In June 2021, the 10th campaign of the MOOSE network took place on board the oceanographic vessel Thalassa of the French Oceanographic Fleet (FOF), which left from the port of La Seyne-sur-Mer. The north-western Mediterranean basin was criss-crossed for 24 days, resulting in 125 observation stations and the maintenance of 4 moorings.


Part of the scientific crew aboard the 10th oceanographic campaign © MOOSE

Real-time and delayed-time data streams are accumulating decade after decade. They are essential to facilitate the validation of operational oceanographic models and to enable analysis and forecasting.
The establishment of scenarios of climate and ecosystem evolution in the Mediterranean is the key to exploring the future evolution of the Mediterranean in the face of climate change and anthropogenic pressures. In the long term, solutions must be found for the adaptation and resilience of human populations and marine species.

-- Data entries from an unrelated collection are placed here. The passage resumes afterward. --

lemma exp_moment_tent_le:
  assumes "0 < \<rho>" "0 \<le> m" and near: "\<And>y. y \<in> {0..1} \<Longrightarrow> \<bar>y - x\<bar> < \<rho> \<Longrightarrow> y \<in> G"
  shows "exp_moment (tent m x \<rho>) n \<le> prob_in G n + exp (- (real n * m))"
proof -
  let ?B = "\<lambda>i::nat. if i = 0 then G else UNIV" and ?c = "\<lambda>i::nat. if i = 0 then 0 else - m"
  have "exp_moment (tent m x \<rho>) n \<le> (\<Sum>i\<in>{0, 1}. exp (real n * ?c i) * prob_in (?B i) n)"
  proof (rule exp_moment_le_sum)
    fix y :: real assume y: "y \<in> {0..1}"
    show "\<exists>i\<in>{0, 1}. y \<in> ?B i \<and> tent m x \<rho> y \<le> ?c i"
    proof (cases "\<bar>y - x\<bar> < \<rho>")
      case True
      then show ?thesis
        using near[OF y True] tent_nonpos[OF assms(1,2)] by (intro bexI[of _ 0]) auto
    next
      case False
      then show ?thesis using \<open>0 < \<rho>\<close> by (intro bexI[of _ 1]) (auto simp: tent_def min_def)
    qed
  qed simp
  also have "\<dots> = prob_in G n + exp (- (real n * m)) * prob_in UNIV n" by simp
  also have "\<dots> \<le> prob_in G n + exp (- (real n * m))"
    using prob_in_le_1[of UNIV n] by (simp add: mult_left_le)
  finally show ?thesis .
qed

lemma ln_exp_moment_tent_le:
  assumes "0 < n" "0 < prob_in G n" "0 < \<rho>" "0 \<le> m"
    and near: "\<And>y. y \<in> {0..1} \<Longrightarrow> \<bar>y - x\<bar> < \<rho> \<Longrightarrow> y \<in> G"
  shows "ln (exp_moment (tent m x \<rho>) n) / real n
    \<le> ln 2 / real n + max (ln (prob_in G n) / real n) (- m)"
proof -
  have "ln (exp_moment (tent m x \<rho>) n) \<le> ln (prob_in G n + exp (- (real n * m)))"
    using exp_moment_tent_le[OF assms(3,4) near] exp_moment_pos assms(2)
    by (subst ln_le_cancel_iff) (auto intro: add_pos_pos)
  then have "ln (exp_moment (tent m x \<rho>) n) / real n \<le> ln (prob_in G n + exp (- (real n * m))) / real n"
    by (rule divide_right_mono) simp
  also have "\<dots> \<le> ln 2 / real n + max (ln (prob_in G n) / real n) (ln (exp (- (real n * m))) / real n)"
    using assms(1,2) by (intro ln_add_div_le_max) auto
  finally show ?thesis using assms(1) by simp
qed
definition lin :: "('k \<Rightarrow> ('j \<Rightarrow>\<^sub>0 'a::semiring_0)) \<Rightarrow> ('k \<Rightarrow>\<^sub>0 'a) \<Rightarrow> ('j \<Rightarrow>\<^sub>0 'a)" where
  "lin \<phi> p = (\<Sum>k\<in>Poly_Mapping.keys p. smul (Poly_Mapping.lookup p k) (\<phi> k))"

definition E :: "nat \<Rightarrow> nat \<Rightarrow> 'a::semiring_1 alg" where
  "E i l = Poly_Mapping.single (i, l) 1"

definition Eb :: "nat \<times> nat \<Rightarrow> 'a::semiring_1 alg" where
  "Eb u = E (fst u) (snd u)"

definition polyA :: "'a::comm_semiring_1 poly \<Rightarrow> 'a alg" where
  "polyA f = (\<Sum>n\<le>degree f. smul (coeff f n) (E n 0))"

definition delta :: "'a::idom poly \<Rightarrow> 'a poly \<Rightarrow> 'a poly" where
  "delta h f = pderiv f * h"

text \<open>Product of basis elements:
  (x^i yhat^a)(x^k yhat^b) = sum_j binom(a,j) x^i delta^j(x^k) yhat^(a-j+b),
  which is the unique product determined by the basis and yhat f = f yhat + delta(f).\<close>
definition bmul :: "'a::idom poly \<Rightarrow> nat \<times> nat \<Rightarrow> nat \<times> nat \<Rightarrow> 'a alg" where
  "bmul h u v = (case u of (i, a) \<Rightarrow> case v of (k, b) \<Rightarrow>
     (\<Sum>j\<le>a. let g = (delta h ^^ j) (monom 1 k) in
        (\<Sum>n\<le>degree g. smul (of_nat (a choose j) * coeff g n) (E (i + n) (a - j + b)))))"

definition amul :: "'a::idom poly \<Rightarrow> 'a alg \<Rightarrow> 'a alg \<Rightarrow> 'a alg" where
  "amul h p q = lin (\<lambda>u. lin (\<lambda>v. bmul h u v) q) p"

definition tens3 :: "'a::semiring_1 alg \<Rightarrow> 'g \<Rightarrow> 'a alg \<Rightarrow> ('a, 'g) tens" where
  "tens3 a g b = lin (\<lambda>u. lin (\<lambda>w. Poly_Mapping.single (u, g, w) 1) b) a"

definition lact :: "'a::idom poly \<Rightarrow> 'a alg \<Rightarrow> ('a, 'g) tens \<Rightarrow> ('a, 'g) tens" where
  "lact h a t = lin (\<lambda>(u, g, w). tens3 (amul h a (Eb u)) g (Eb w)) t"

definition ract :: "'a::idom poly \<Rightarrow> ('a, 'g) tens \<Rightarrow> 'a alg \<Rightarrow> ('a, 'g) tens" where
  "ract h t b = lin (\<lambda>(u, g, w). tens3 (Eb u) g (amul h (Eb w) b)) t"

definition vel :: "vgen \<Rightarrow> 'a::semiring_1 alg" where
  "vel v = (case v of Vx \<Rightarrow> E 1 0 | Vy \<Rightarrow> E 0 1)"

definition mu :: "'a::idom poly \<Rightarrow> ('a, unit) tens \<Rightarrow> 'a alg" where
  "mu h t = lin (\<lambda>(u, _, w). amul h (Eb u) (Eb w)) t"

definition d0 :: "'a::idom poly \<Rightarrow> ('a, vgen) tens \<Rightarrow> ('a, unit) tens" where
  "d0 h t = lin (\<lambda>(u, v, w). tens3 (amul h (Eb u) (vel v)) () (Eb w)
                          - tens3 (Eb u) () (amul h (vel v) (Eb w))) t"

definition sm1 :: "'a::idom alg \<Rightarrow> ('a, unit) tens" where
  "sm1 a = tens3 (E 0 0) () a"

Recovery of a Bio-Argo profiling float during the 10th campaign © Laurent COPPOLA

As part of a European cooperation approach, the MOOSE project largely shares its scientific purposes with similar observatories deployed in Spain, Italy and Greece. The coordination of these observatories at the European level and their extension to other key areas such as the South and East of the Mediterranean Basin are the challenges of the future in order to have data allowing a global vision of the Mediterranean.